__ACTION ITEM__
Retype all of the data without changing a single word.

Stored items
*** Block opens ***

lemma procedure_outcome_exists:
  assumes "n \<ge> 1" "finite M" "bij_betw \<sigma> {..<n} {..<n}"
  shows "\<exists>B. procedure_outcome n M V \<sigma> B"
proof -
  let ?s = "pick_size n (card M)"
  define pick where "pick t R = (SOME X. maximal_subset (V (\<sigma> t)) (?s t) R X)" for t R
  define C where "C t = pick t (M - taken pick M t)" for t
  have taken_C: "taken pick M t = (\<Union>u<t. C u)" for t
    unfolding C_def by (rule taken_eq_UN)
  have "\<forall>u<t. maximal_subset (V (\<sigma> u)) (?s u) (M - (\<Union>v<u. C v)) (C u)" if "t \<le> n" for t
    using that
  proof (induction t)
    case (Suc t)
    then have IH: "\<forall>u<t. maximal_subset (V (\<sigma> u)) (?s u) (M - (\<Union>v<u. C v)) (C u)" by simp
    have taken_t: "(\<Union>u<t. C u) \<subseteq> M" "card (\<Union>u<t. C u) = (\<Sum>u<t. ?s u)"
      using sequential_picks_card[where n=t and C=C and s="?s" and t=t, OF assms(2)] IH
      unfolding maximal_subset_def by auto
    have "(\<Sum>u<Suc t. ?s u) \<le> (\<Sum>u<n. ?s u)"
      using Suc.prems by (intro sum_mono2) auto
    moreover have "finite (\<Union>u<t. C u)"
      using taken_t(1) assms(2) by (rule finite_subset)
    ultimately have "?s t \<le> card (M - (\<Union>u<t. C u))"
      using taken_t card_Diff_subset[OF _ taken_t(1)] sum_pick_size_all[OF assms(1)] by simp
    then have "\<exists>X. maximal_subset (V (\<sigma> t)) (?s t) (M - (\<Union>u<t. C u)) X"
      using assms(2) by (intro maximal_subset_exists) auto
    then have "maximal_subset (V (\<sigma> t)) (?s t) (M - (\<Union>u<t. C u)) (pick t (M - (\<Union>u<t. C u)))"
      unfolding pick_def by (rule someI_ex)
    moreover have "C t = pick t (M - (\<Union>u<t. C u))"
      unfolding C_def[of t] taken_C[of t] ..
    ultimately have "maximal_subset (V (\<sigma> t)) (?s t) (M - (\<Union>u<t. C u)) (C t)"
      by simp
    with IH show ?case by (simp add: less_Suc_eq)
  qed simp
  then have picks: "\<forall>t<n. maximal_subset (V (\<sigma> t)) (?s t) (M - (\<Union>u<t. C u)) (C t)" by blast
  define B where "B i = C (inv_into {..<n} \<sigma> i)" for i
  have "B (\<sigma> t) = C t" if "t < n" for t
    using assms(3) that unfolding B_def bij_betw_def by simp
  then have "procedure_outcome n M V \<sigma> B"
    using picks unfolding procedure_outcome_iff by simp
  then show ?thesis by blast
qed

*** Block closes ***

__RESULT FOR THIS EXERCISE__
lemma procedure_outcome_exists:
  assumes "n \<ge> 1" "finite M" "bij_betw \<sigma> {..<n} {..<n}"
  shows "\<exists>B. procedure_outcome n M V \<sigma> B"
proof -
  let ?s = "pick_size n (card M)"
  define pick where "pick t R = (SOME X. maximal_subset (V (\<sigma> t)) (?s t) R X)" for t R
  define C where "C t = pick t (M - taken pick M t)" for t
  have taken_C: "taken pick M t = (\<Union>u<t. C u)" for t
    unfolding C_def by (rule taken_eq_UN)
  have "\<forall>u<t. maximal_subset (V (\<sigma> u)) (?s u) (M - (\<Union>v<u. C v)) (C u)" if "t \<le> n" for t
    using that
  proof (induction t)
    case (Suc t)
    then have IH: "\<forall>u<t. maximal_subset (V (\<sigma> u)) (?s u) (M - (\<Union>v<u. C v)) (C u)" by simp
    have taken_t: "(\<Union>u<t. C u) \<subseteq> M" "card (\<Union>u<t. C u) = (\<Sum>u<t. ?s u)"
      using sequential_picks_card[where n=t and C=C and s="?s" and t=t, OF assms(2)] IH
      unfolding maximal_subset_def by auto
    have "(\<Sum>u<Suc t. ?s u) \<le> (\<Sum>u<n. ?s u)"
      using Suc.prems by (intro sum_mono2) auto
    moreover have "finite (\<Union>u<t. C u)"
      using taken_t(1) assms(2) by (rule finite_subset)
    ultimately have "?s t \<le> card (M - (\<Union>u<t. C u))"
      using taken_t card_Diff_subset[OF _ taken_t(1)] sum_pick_size_all[OF assms(1)] by simp
    then have "\<exists>X. maximal_subset (V (\<sigma> t)) (?s t) (M - (\<Union>u<t. C u)) X"
      using assms(2) by (intro maximal_subset_exists) auto
    then have "maximal_subset (V (\<sigma> t)) (?s t) (M - (\<Union>u<t. C u)) (pick t (M - (\<Union>u<t. C u)))"
      unfolding pick_def by (rule someI_ex)
    moreover have "C t = pick t (M - (\<Union>u<t. C u))"
      unfolding C_def[of t] taken_C[of t] ..
    ultimately have "maximal_subset (V (\<sigma> t)) (?s t) (M - (\<Union>u<t. C u)) (C t)"
      by simp
    with IH show ?case by (simp add: less_Suc_eq)
  qed simp
  then have picks: "\<forall>t<n. maximal_subset (V (\<sigma> t)) (?s t) (M - (\<Union>u<t. C u)) (C t)" by blast
  define B where "B i = C (inv_into {..<n} \<sigma> i)" for i
  have "B (\<sigma> t) = C t" if "t < n" for t
    using assms(3) that unfolding B_def bij_betw_def by simp
  then have "procedure_outcome n M V \<sigma> B"
    using picks unfolding procedure_outcome_iff by simp
  then show ?thesis by blast
qed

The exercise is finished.